L’argomentazione, in sostanza, è la parte più importante del parere ed è
quella che deve ‘‘brillare’’.
‘‘Argomentare’’, ‘‘arguire’’, ‘‘arguto’’, ‘‘argentino’’ sono infatti termini che
hanno tutti a che fare etimologicamente con l’argento. I filologi ci spiegano che
il significato di ‘‘argento’’ è ‘‘chiaro’’, ‘‘lucente’’. Un argomento degno di questo
nome, pertanto, deve brillare fino a potercisi riflettere, fino a rendere ciò che si
vuole dimostrare ‘‘chiaro e splendente come l’argento tirato a lustro’’.
Anche in sede d’esame, per l’aspirante avvocato, le difficoltà non sono minori:
si tratta di trovare gli argomenti, selezionarli, ordinarli ed esporli in modo chiaro
nella stesura del parere, individuando i fondamenti degli indirizzi giurisprudenziali contenuti nei codici annotati, compresi quelli sfavorevoli al proprio assistito.

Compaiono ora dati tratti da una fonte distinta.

(* Let $\mathcal{A}\subset[\mathbb{N}]^{<\infty}$ be nonempty and hereditary, let $P\subset\mathbb{N}$ be infinite and assume $\alpha_0=\mathbb{I}(\mathcal{A},P)<\omega_1$. Then there are an approximating family $(B_n(\alpha))_{n\in\mathbb{N},\alpha\text{ countable limit}}$, defining a transfinite family $(\mathcal{G}_\alpha)_{\alpha<\omega_1}$, and an infinite $L\subset P$ such that $$\mathcal{G}_{\alpha_0}^L\subset\mathcal{A}\cap[L]^{<\infty}\subset\mathcal{G}_{\alpha_0}\cap[L]^{<\infty}.$$
   Context: An approximating family assigns to each countable limit ordinal $\alpha$ finite sets $B_n(\alpha)\subset[0,\alpha)$, $n\in\mathbb{N}$, with $B_n(\alpha)\subset B_{n+1}(\alpha)$ and $\lim_n\max B_n(\alpha)=\alpha$. The transfinite family it defines: $\mathcal{G}_0=\{\emptyset\}$; $\mathcal{G}_{\beta+1}=\{\{n\}\cup E:n\in\mathbb{N},E\in\mathcal{G}_\beta\}\cup\{\emptyset\}$; for limit $\alpha$, $\mathcal{G}_\alpha=\{\emptyset\}\cup\{E\ne\emptyset:E\in\bigcup_{\beta\in B_{\min E}(\alpha)}\mathcal{G}_\beta\}$. For $L=\{l_1<l_2<\dots\}$, $\mathcal{G}^L=\{\{l_i:i\in E\}:E\in\mathcal{G}\}$. Fix any transfinite family $(\mathcal{F}_\alpha)$; a hereditary $\mathcal{A}$ is $\alpha$-large on an infinite $P$ if every infinite $M\subset P$ contains an infinite $N$ with $\mathcal{F}_\alpha^N\subset\mathcal{A}$ (this is independent of the transfinite family), and $\mathbb{I}(\mathcal{A},P)=\sup\{\alpha<\omega_1:\mathcal{A}\text{ is }\alpha\text{-large on }P\}$. Hereditary = closed under subsets; $[L]^{<\infty}$ = finite subsets of $L$. *)

theory Defs
  imports Main "HOL-Library.Countable_Set"
begin

text \<open>Countable ordinals are modelled by a well-ordered type 'a that is
uncountable but all of whose proper initial segments are countable (i.e. a copy
of omega_1). Natural numbers start at 0 here; L is enumerated by enumerate L.\<close>

definition ozero :: "'a::wellorder" where
  "ozero = (LEAST x. True)"

definition is_succ_of :: "'a::wellorder \<Rightarrow> 'a \<Rightarrow> bool" where
  "is_succ_of \<alpha> \<beta> \<longleftrightarrow> \<beta> < \<alpha> \<and> (\<forall>\<gamma>. \<beta> < \<gamma> \<longrightarrow> \<alpha> \<le> \<gamma>)"

definition is_limit :: "'a::wellorder \<Rightarrow> bool" where
  "is_limit \<alpha> \<longleftrightarrow> \<alpha> \<noteq> ozero \<and> \<not> (\<exists>\<beta>. is_succ_of \<alpha> \<beta>)"

definition approx_family :: "('a::wellorder \<Rightarrow> nat \<Rightarrow> 'a set) \<Rightarrow> bool" where
  "approx_family B \<longleftrightarrow>
     (\<forall>\<alpha>. is_limit \<alpha> \<longrightarrow>
        (\<forall>n. finite (B \<alpha> n) \<and> B \<alpha> n \<subseteq> {..<\<alpha>} \<and> B \<alpha> n \<subseteq> B \<alpha> (Suc n)) \<and>
        (\<forall>\<beta><\<alpha>. \<exists>N. \<forall>n\<ge>N. B \<alpha> n \<noteq> {} \<and> \<beta> \<le> Max (B \<alpha> n)))"

definition Gstep :: "('a::wellorder \<Rightarrow> nat \<Rightarrow> 'a set) \<Rightarrow> ('a \<Rightarrow> nat set set) \<Rightarrow> 'a \<Rightarrow> nat set set" where
  "Gstep B f \<alpha> =
     (if \<alpha> = ozero then {{}}
      else if (\<exists>\<beta>. is_succ_of \<alpha> \<beta>)
        then {insert n E | n E. E \<in> f (THE \<beta>. is_succ_of \<alpha> \<beta>)} \<union> {{}}
      else {{}} \<union> {E. E \<noteq> {} \<and> (\<exists>\<beta>\<in>B \<alpha> (Min E). E \<in> f \<beta>)})"

definition G :: "('a::wellorder \<Rightarrow> nat \<Rightarrow> 'a set) \<Rightarrow> 'a \<Rightarrow> nat set set" where
  "G B = wfrec {(x, y). x < y} (Gstep B)"

text \<open>F^L = {{l_i : i in E} : E in F}, l_0 < l_1 < ... enumerating L.\<close>
definition spread :: "nat set \<Rightarrow> nat set set \<Rightarrow> nat set set" where
  "spread L F = (\<lambda>E. enumerate L ` E) ` F"

definition hereditary :: "nat set set \<Rightarrow> bool" where
  "hereditary A \<longleftrightarrow> (\<forall>E\<in>A. \<forall>F. F \<subseteq> E \<longrightarrow> F \<in> A)"

definition large :: "('a::wellorder \<Rightarrow> nat \<Rightarrow> 'a set) \<Rightarrow> nat set set \<Rightarrow> nat set \<Rightarrow> 'a \<Rightarrow> bool" where
  "large B0 A P \<alpha> \<longleftrightarrow>
     (\<forall>M. M \<subseteq> P \<and> infinite M \<longrightarrow> (\<exists>N. N \<subseteq> M \<and> infinite N \<and> spread N (G B0 \<alpha>) \<subseteq> A))"

definition index :: "('a::wellorder \<Rightarrow> nat \<Rightarrow> 'a set) \<Rightarrow> nat set set \<Rightarrow> nat set \<Rightarrow> 'a" where
  "index B0 A P = (LEAST b. \<forall>\<alpha>. large B0 A P \<alpha> \<longrightarrow> \<alpha> \<le> b)"

end

theory Submission
  imports Defs
begin

text \<open>
  Largeness is compared with a rank.

  Spreads of \<open>G\<^sub>\<alpha>\<close> have rank at least \<open>\<alpha>\<close>, so \<open>A\<close> has rank at least
  \<open>\<alpha>\<^sub>0 = I(A,P)\<close> on \<open>P\<close>. Conversely, a Ramsey-type diagonal fusion shows that rank at
  least \<open>\<alpha>\<close> on \<open>M\<close> makes \<open>A\<close> \<open>\<alpha>\<close>-large on \<open>M\<close>, for every approximating family.
  Since \<open>A\<close> is not \<open>(\<alpha>\<^sub>0+1)\<close>-large, some infinite \<open>L\<^sub>0 \<subseteq> P\<close> carries a subfamily
  \<open>F = A \<inter> [L\<^sub>0]\<^sup><\<^sup>\<infinity>\<close> of rank at most \<open>\<alpha>\<^sub>0\<close>. Building \<open>B\<^sub>n(\<lambda>)\<close> from the successors
  of the ranks of the tail families \<open>F\<^sub>t = {E. t < E, t \<union> E \<in> F}\<close>, \<open>t \<subseteq> {0..n}\<close>, puts
  \<open>F\<close> inside \<open>G\<^sub>\<alpha>\<^sub>0\<close>; the Ramsey step for this \<open>B\<close> inside \<open>L\<^sub>0\<close> then yields \<open>L\<close>.
\<close>

section \<open>Successors and limits\<close>

lemma ozero_le [simp]: "ozero \<le> (x::'a::wellorder)"
  unfolding ozero_def by (rule Least_le) simp

lemma not_less_ozero [simp]: "\<not> x < (ozero::'a::wellorder)"
  by (simp add: not_less)

definition osucc :: "'a::wellorder \<Rightarrow> 'a" where
  "osucc x = (LEAST y. x < y)"

lemma is_succ_of_osucc: "x < (y::'a::wellorder) \<Longrightarrow> is_succ_of (osucc x) x"
  unfolding is_succ_of_def osucc_def by (metis LeastI Least_le)

lemma is_succ_of_less: "is_succ_of (a::'a::wellorder) b \<Longrightarrow> b < a"
  unfolding is_succ_of_def by simp

lemma less_is_succ_of_iff: "is_succ_of (a::'a::wellorder) b \<Longrightarrow> g < a \<longleftrightarrow> g \<le> b"
  unfolding is_succ_of_def by (meson le_less_trans not_le)

lemma the_is_succ_of:
  assumes "is_succ_of (a::'a::wellorder) b"
  shows "(THE c. is_succ_of a c) = b"
proof (rule the_equality)
  show "c = b" if "is_succ_of a c" for c
    using assms that unfolding is_succ_of_def by (meson leD linorder_neqE)
qed (rule assms)

lemma is_succ_of_not_ozero: "is_succ_of (a::'a::wellorder) b \<Longrightarrow> a \<noteq> ozero"
  unfolding is_succ_of_def using leD ozero_le by blast

lemma osucc_less_limit:
  assumes "is_limit l" "r < (l::'a::wellorder)"
  shows "osucc r < l"
proof -
  have succ: "is_succ_of (osucc r) r" using is_succ_of_osucc assms(2) .
  then have "osucc r \<le> l" using assms(2) unfolding is_succ_of_def by simp
  moreover have "osucc r \<noteq> l" using succ assms(1) unfolding is_limit_def by auto
  ultimately show ?thesis by simp
qed

lemma ordinal_cases:
  obtains (zero) "(a::'a::wellorder) = ozero" | (succ) b where "is_succ_of a b" | (limit) "is_limit a"
  unfolding is_limit_def by blast

lemma no_greatest_if_omega1:
  assumes "\<not> countable (UNIV :: 'a::wellorder set)" "\<forall>\<alpha>::'a. countable {..<\<alpha>}"
  shows "\<exists>y. (x::'a) < y"
proof (rule ccontr)
  assume "\<nexists>y. x < y"
  then have "UNIV \<subseteq> insert x {..<x}" by (auto simp: not_less_iff_gr_or_eq)
  moreover have "countable (insert x {..<x})" using assms(2) by simp
  ultimately show False using assms(1) countable_subset by blast
qed

section \<open>The transfinite family\<close>

lemma G_unfold: "G B \<alpha> = Gstep B (cut (G B) {(x, y). x < y} \<alpha>) \<alpha>"
  unfolding G_def by (rule wfrec) (rule wf)

lemma G_ozero: "G B ozero = {{}}"
  by (subst G_unfold) (simp add: Gstep_def)

lemma G_succ: "is_succ_of a b \<Longrightarrow> G B a = {insert n E |n E. E \<in> G B b} \<union> {{}}"
  by (subst G_unfold)
    (simp add: Gstep_def cut_apply is_succ_of_not_ozero the_is_succ_of is_succ_of_less, blast)

lemma approx_family_less: "approx_family B \<Longrightarrow> is_limit a \<Longrightarrow> \<beta> \<in> B a n \<Longrightarrow> \<beta> < a"
  unfolding approx_family_def by blast

lemma approx_family_finite: "approx_family B \<Longrightarrow> is_limit a \<Longrightarrow> finite (B a n)"
  unfolding approx_family_def by blast

lemma approx_family_mono:
  assumes "approx_family B" "is_limit a" "m \<le> n"
  shows "B a m \<subseteq> B a n"
  using assms lift_Suc_mono_le[of "B a"] unfolding approx_family_def by blast

lemma G_limit:
  assumes B: "approx_family B" and a: "is_limit a"
  shows "G B a = {{}} \<union> {E. E \<noteq> {} \<and> (\<exists>\<beta>\<in>B a (Min E). E \<in> G B \<beta>)}"
proof -
  have nz: "a \<noteq> ozero" and ns: "\<not> (\<exists>b. is_succ_of a b)" using a unfolding is_limit_def by auto
  have "(\<exists>\<beta>\<in>B a (Min E). E \<in> cut (G B) {(x, y). x < y} a \<beta>) \<longleftrightarrow>
      (\<exists>\<beta>\<in>B a (Min E). E \<in> G B \<beta>)" for E
    using approx_family_less[OF B a] by (auto simp: cut_apply)
  then show ?thesis
    by (subst G_unfold) (simp only: Gstep_def if_not_P[OF nz] if_not_P[OF ns])
qed

lemma empty_mem_G [simp]: "approx_family B \<Longrightarrow> {} \<in> G B a"
  by (cases a rule: ordinal_cases) (auto simp: G_ozero G_succ G_limit)

lemma G_limitI:
  "approx_family B \<Longrightarrow> is_limit a \<Longrightarrow> \<beta> \<in> B a (Min E) \<Longrightarrow> E \<in> G B \<beta> \<Longrightarrow> E \<in> G B a"
  by (cases "E = {}") (auto simp: G_limit)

In alcuni casi, la difficoltà si spinge fino a dover delineare una strategia difensiva motivata, anche in assenza di un supporto giurisprudenziale utile alla soluzione del caso.
3.2. Canoni per la redazione della parte motiva o argomentativa
L’argomentazione presuppone un’attività interpretativa che consiste in un
procedimento finalizzato ad attribuire un significato giuridico a fenomeni, processi e testi.
Allo scopo di pervenire a soluzioni dotate di validità scientifica si può far ricorso ad alcune tecniche argomentative che di seguito si riportano, iniziando da
quelle che si ricavano dall’art. 12 delle Disposizioni Preliminari al Codice Civile,
e proseguendo con quelle che si possono desumere dalla pura logica.
3.2.1. L’argomentazione letterale
Il principale e primario metodo argomentativo si ottiene utilizzando l’interpretazione letterale, la quale consiste nella determinazione del significato della disposizione in base al suo valore semantico (Cass. n. 11359/1993; Cass. n. 7239/
1991; Cass., Sez. Un., n. 4000 del 1992).
Tale argomentazione, detta anche filologica (dal greco ‘‘amore della parola’’),
si basa sulla esatta individuazione del significato proprio delle singole parole e
di quello che esse assumono nella loro connessione grammaticale o sintattica,
considerando anche la valenza dei segni di interpunzione.
La giurisprudenza ha affermato il primato dell’interpretazione letterale sugli
altri criteri ermeneutici, il cui impiego assume carattere sussidiario a causa della
loro funzione ausiliaria e secondaria, riflettendo l’ordine con cui i diversi criteri
interpretativi sono disciplinati dall’art. 12 delle Preleggi in una gerarchia di valori non alterabili (Consiglio di Stato, Sez. VI, 17 maggio 2003, n. 845).